EXERCISE GOAL
In the records below, find the line that contains "(\<Sum>i<n. sgnp i (preLie \<rho> T (xs" and the line that contains "(\<Sum>j<n. \<Sum>i<j. sgnp". Set down exactly those lines and every line between them, and nothing more.

-- -- --

text \<open>The coboundary d_{bar rho}; applied to a list us = [u_1,...,u_{k+1}] (0-indexed here,
  so (-1)^(i+1) becomes sgnp i and (-1)^(i+j) keeps its parity).\<close>
definition d_bar :: "('g::ab_group_add \<Rightarrow> 'g \<Rightarrow> 'g) \<Rightarrow> ('g \<Rightarrow> 'v::ab_group_add \<Rightarrow> 'v) \<Rightarrow> ('v \<Rightarrow> 'g)
     \<Rightarrow> ('v list \<Rightarrow> 'g) \<Rightarrow> 'v list \<Rightarrow> 'g" where
  "d_bar br \<rho> T f us =
     (\<Sum>i<length us. sgnp i (br (T (us ! i)) (f (del i us))))
   + (\<Sum>i<length us. sgnp i (T (\<rho> (f (del i us)) (us ! i))))
   + (\<Sum>j<length us. \<Sum>i<j. sgnp (i + j) (f (brT \<rho> T (us ! i) (us ! j) # del i (del j us))))"

definition d_reg :: "('g \<Rightarrow> 'v::ab_group_add \<Rightarrow> 'v) \<Rightarrow> ('v \<Rightarrow> 'g) \<Rightarrow> ('v list \<Rightarrow> 'v) \<Rightarrow> 'v list \<Rightarrow> 'v" where
  "d_reg \<rho> T f xs =
     (let n = length xs - 1; ys = butlast xs; z = last xs in
       (\<Sum>i<n. sgnp i (preLie \<rho> T (xs ! i) (f (del i xs))))
     + (\<Sum>i<n. sgnp i (preLie \<rho> T (f (del i ys @ [ys ! i])) z))
     - (\<Sum>i<n. sgnp i (f (del i ys @ [preLie \<rho> T (ys ! i) z])))
     + (\<Sum>j<n. \<Sum>i<j. sgnp (i + j) (f (brT \<rho> T (xs ! i) (xs ! j) # del i (del j xs)))))"

definition Phi :: "('g \<Rightarrow> 'v \<Rightarrow> 'v) \<Rightarrow> ('v list \<Rightarrow> 'g) \<Rightarrow> 'v list \<Rightarrow> 'v" where
  "Phi \<rho> f xs = \<rho> (f (butlast xs)) (last xs)"

end

theory Submission
  imports Defs
begin

text \<open>Split an argument list as \<open>ys @ [z]\<close>; then \<open>\<Phi>\<close> applies the
  additive map \<open>a \<mapsto> \<rho> a z\<close> to each term of \<open>d_bar f ys\<close>.  Since \<open>\<rho>\<close> is a representation,
  \<open>\<rho> [T y\<^sub>i, f(\<dots>)] z = \<rho>(T y\<^sub>i)(\<rho>(f \<dots>) z) - \<rho>(f \<dots>)(\<rho>(T y\<^sub>i) z)\<close>, and these two pieces are
  the first and third sums of \<open>d_reg (\<Phi> f)\<close>; the remaining sums match termwise.\<close>

lemma lie_rep_additive_left:
  assumes "lie_rep sG br sV \<rho>"
  shows "additive (\<lambda>a. \<rho> a z)"
proof -
  have "Vector_Spaces.linear sG sV (\<lambda>a. \<rho> a z)"
    using assms by (simp add: lie_rep_def)
  then show ?thesis
    unfolding additive_def Vector_Spaces.linear_iff by auto
qed
(* Let $q$ be a prime power and let $d+1$ be a divisor of $q-1$. A $(d+1)$-divisible Dembowski–Ostrom polynomial $f\in\mathbb{F}_q[x]$ is differentially $d$-uniform if and only if $f$ is almost-$(d+1)$-to-1.
   Context: A polynomial $f\in\mathbb{F}_q[x]$, $q=p^n$, is Dembowski–Ostrom (DO) if it can be written as $\sum_{i,j=0}^{n-1}a_{ij}x^{p^i+p^j}$ when $q$ is odd, and as $\sum_{i\neq j}a_{ij}x^{2^i+2^j}$ when $q$ is even. For a divisor $k$ of $q-1$, $f$ is $k$-divisible if $f(x)=f'(x^k)$ for some map $f'$. $f$ is differentially $d$-uniform if $d=\max_{a\neq 0,\,b}|\{x: f(x+a)-f(x)=b\}|$. $f$ is almost-$k$-to-1 if there is a unique element of $\mathrm{Im}(f)$ with exactly one preimage and every other element of $\mathrm{Im}(f)$ has exactly $k$ preimages. *)

theory Defs
  imports "HOL-Computational_Algebra.Polynomial"
begin

definition DO_poly :: "nat \<Rightarrow> nat \<Rightarrow> 'a::comm_ring_1 poly \<Rightarrow> bool" where
  "DO_poly p n f \<longleftrightarrow>
     (\<exists>a :: nat \<Rightarrow> nat \<Rightarrow> 'a.
        f = (\<Sum>(i,j)\<in>{(i,j). i < n \<and> j < n \<and> (odd (p ^ n) \<or> i \<noteq> j)}.
               monom (a i j) (p ^ i + p ^ j)))"

definition k_divisible :: "nat \<Rightarrow> 'a::comm_ring_1 poly \<Rightarrow> bool" where
  "k_divisible k f \<longleftrightarrow> (\<exists>g :: 'a \<Rightarrow> 'a. \<forall>x. poly f x = g (x ^ k))"

definition diff_uniform :: "('a::{finite,field} \<Rightarrow> 'a) \<Rightarrow> nat \<Rightarrow> bool" where
  "diff_uniform F d \<longleftrightarrow>
     d = Max {card {x. F (x + a) - F x = b} | a b. a \<noteq> 0}"

definition almost_k_to_1 :: "('a::finite \<Rightarrow> 'b) \<Rightarrow> nat \<Rightarrow> bool" where
  "almost_k_to_1 F k \<longleftrightarrow>
     (\<exists>!y. y \<in> range F \<and> card (F -` {y}) = 1) \<and>
     (\<forall>y \<in> range F. card (F -` {y}) \<noteq> 1 \<longrightarrow> card (F -` {y}) = k)"

end

theory Submission
  imports Defs "HOL-Number_Theory.Residues" "HOL-Library.FuncSet"
begin

(*
  Let F = poly f and let R be the group of (d+1)-th roots of unity; it has exactly d+1 elements
  because d+1 divides q-1.  Divisibility makes F constant on every orbit R x, and for a \<noteq> 0 the
  points a/(w-1), w \<in> R - {1}, are d distinct zeros of the difference F(x+a) - F(x).  As F is
  Dembowski-Ostrom, this difference is an additive map plus a constant, so all its nonempty
  fibres have the same size.  Hence F is differentially d-uniform iff each difference has no
  zeros besides these, which says precisely that F(x) = F(y) forces y \<in> R x.  That is, the
  fibres of F are {0} and the orbits of the nonzero elements, each of size d+1: F is
  almost-(d+1)-to-1.  For d = 0 both properties fail.
*)

lemma CHAR_eq_if_card_eq_prime_power:
  assumes "prime p" "card (UNIV :: 'a::{finite,field} set) = p ^ n"
  shows "CHAR('a) = p"
proof -
  have "prime CHAR('a)"
    using prime_CHAR_semidom finite_imp_CHAR_pos[OF finite_UNIV] by blast
  moreover have "CHAR('a) dvd p ^ n"
    using CHAR_dvd_CARD[where 'a='a] assms(2) by simp
  ultimately show ?thesis
    using assms(1) prime_dvd_power primes_dvd_imp_eq by blast
qed

lemma DO_poly_difference_affine:
  fixes f :: "'a::comm_ring_1 poly"
  assumes "prime p" "CHAR('a) = p" "DO_poly p n f"
  shows "\<exists>L. additive L \<and> (\<forall>x. poly f (x + a) - poly f x = L x + poly f a)"
proof -
  define I where "I = {(i,j). i < n \<and> j < n \<and> (odd (p ^ n) \<or> i \<noteq> j)}"
  obtain c where f: "f = (\<Sum>(i,j)\<in>I. Polynomial.monom (c i j) (p ^ i + p ^ j))"
    using assms(3) unfolding DO_poly_def I_def by blast
  have poly_f: "poly f x = (\<Sum>(i,j)\<in>I. c i j * (x ^ p ^ i * x ^ p ^ j))" for x
    unfolding f by (simp add: poly_sum poly_monom power_add case_prod_unfold)
  have frobenius_add: "(x + y) ^ p ^ i = x ^ p ^ i + y ^ p ^ i" for x y :: 'a and i
    using freshmans_dream'[of "p ^ i" i x y] assms(1,2) by simp
  define L where
    "L x = (\<Sum>(i,j)\<in>I. c i j * (x ^ p ^ i * a ^ p ^ j + a ^ p ^ i * x ^ p ^ j))" for x
  have "additive L"
    by unfold_locales
      (auto simp: L_def frobenius_add algebra_simps sum.distrib[symmetric] case_prod_unfold
            intro!: sum.cong)
  moreover have "poly f (x + a) - poly f x = L x + poly f a" for x
    unfolding poly_f L_def sum.distrib[symmetric] sum_subtractf[symmetric] case_prod_unfold
    by (intro sum.cong refl) (simp add: frobenius_add algebra_simps)
  ultimately show ?thesis by blast
qed

lemma card_fibre_affine_le:
  fixes G :: "'a::{finite,ab_group_add} \<Rightarrow> 'b::ab_group_add"
  assumes "additive L" "\<And>x. G x = L x + c" "G x0 = u"
  shows "card {x. G x = v} \<le> card {x. G x = u}"
proof (cases "{x. G x = v} = {}")
  case False
  then obtain y0 where "G y0 = v"
    by blast
  have "bij_betw (\<lambda>z. z - y0 + x0) {x. G x = v} {x. G x = u}"
    by (rule bij_betw_byWitness[where f' = "\<lambda>z. z - x0 + y0"])
      (use \<open>G x0 = u\<close> \<open>G y0 = v\<close> in
        \<open>auto simp: assms(2) additive.add[OF assms(1)] additive.diff[OF assms(1)]\<close>)
  then show ?thesis
    by (simp add: bij_betw_same_card)
qed simp

lemma finite_difference_counts:
  fixes F :: "'a::{finite,ab_group_add} \<Rightarrow> 'b::ab_group_add"
  shows "finite {card {x. F (x + a) - F x = b} | a b. a \<noteq> 0}"
  by (rule finite_subset[of _ "{..card (UNIV :: 'a set)}"]) (auto simp: card_mono)

lemma diff_uniform_iff_card_difference_zeros:
  fixes F :: "'a::{finite,field} \<Rightarrow> 'a"
  assumes affine: "\<And>a. \<exists>L. additive L \<and> (\<forall>x. F (x + a) - F x = L x + F a)"
    and zeros_ge: "\<And>a. a \<noteq> 0 \<Longrightarrow> m \<le> card {x. F (x + a) - F x = 0}"
    and "m > 0"
  shows "diff_uniform F m \<longleftrightarrow> (\<forall>a. a \<noteq> 0 \<longrightarrow> card {x. F (x + a) - F x = 0} = m)"
proof -
  define S where "S = {card {x. F (x + a) - F x = b} | a b. a \<noteq> 0}"
  have "finite S"
    unfolding S_def by (rule finite_difference_counts)
  have in_S: "card {x. F (x + a) - F x = b} \<in> S" if "a \<noteq> 0" for a b
    unfolding S_def using that by blast
  have S_bounded: "card {x. F (x + a) - F x = b} \<le> card {x. F (x + a) - F x = 0}"
    if "a \<noteq> 0" for a b
  proof -
    obtain L where L: "additive L" "\<And>x. F (x + a) - F x = L x + F a"
      using affine by blast
    have "card {x. F (x + a) - F x = 0} > 0"
      using zeros_ge[OF that] \<open>m > 0\<close> by linarith
    then obtain x0 where "F (x0 + a) - F x0 = 0"
      by (metis (mono_tags, lifting) card.empty empty_Collect_eq less_irrefl)
    with L show ?thesis
      by (rule card_fibre_affine_le)
  qed
  show ?thesis
  proof
    assume "diff_uniform F m"
    then have "m = Max S"
      unfolding diff_uniform_def S_def .
    show "\<forall>a. a \<noteq> 0 \<longrightarrow> card {x. F (x + a) - F x = 0} = m"
    proof (intro allI impI)
      fix a :: 'a
      assume "a \<noteq> 0"
      then have "card {x. F (x + a) - F x = 0} \<le> m"
        using Max_ge[OF \<open>finite S\<close> in_S[OF \<open>a \<noteq> 0\<close>, of 0]] \<open>m = Max S\<close> by (simp only:)
      then show "card {x. F (x + a) - F x = 0} = m"
        using zeros_ge[OF \<open>a \<noteq> 0\<close>] by (rule le_antisym)
    qed
  next
    assume zeros_eq: "\<forall>a. a \<noteq> 0 \<longrightarrow> card {x. F (x + a) - F x = 0} = m"
    have "Max S = m"
    proof (rule Max_eqI[OF \<open>finite S\<close>])
      show "m \<in> S"
        using in_S[of 1 0] zeros_eq by simp
    next
      fix s
      assume "s \<in> S"
      then obtain a b where "a \<noteq> 0" "s = card {x. F (x + a) - F x = b}"
        unfolding S_def by blast
      then show "s \<le> m"
        using S_bounded[of a b] zeros_eq by simp
    qed
    then show "diff_uniform F m"
      unfolding diff_uniform_def S_def by simp
  qed
qed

-- -- --

OUTPUT BELOW
       (\<Sum>i<n. sgnp i (preLie \<rho> T (xs ! i) (f (del i xs))))
     + (\<Sum>i<n. sgnp i (preLie \<rho> T (f (del i ys @ [ys ! i])) z))
     - (\<Sum>i<n. sgnp i (f (del i ys @ [preLie \<rho> T (ys ! i) z])))
     + (\<Sum>j<n. \<Sum>i<j. sgnp (i + j) (f (brT \<rho> T (xs ! i) (xs ! j) # del i (del j xs)))))"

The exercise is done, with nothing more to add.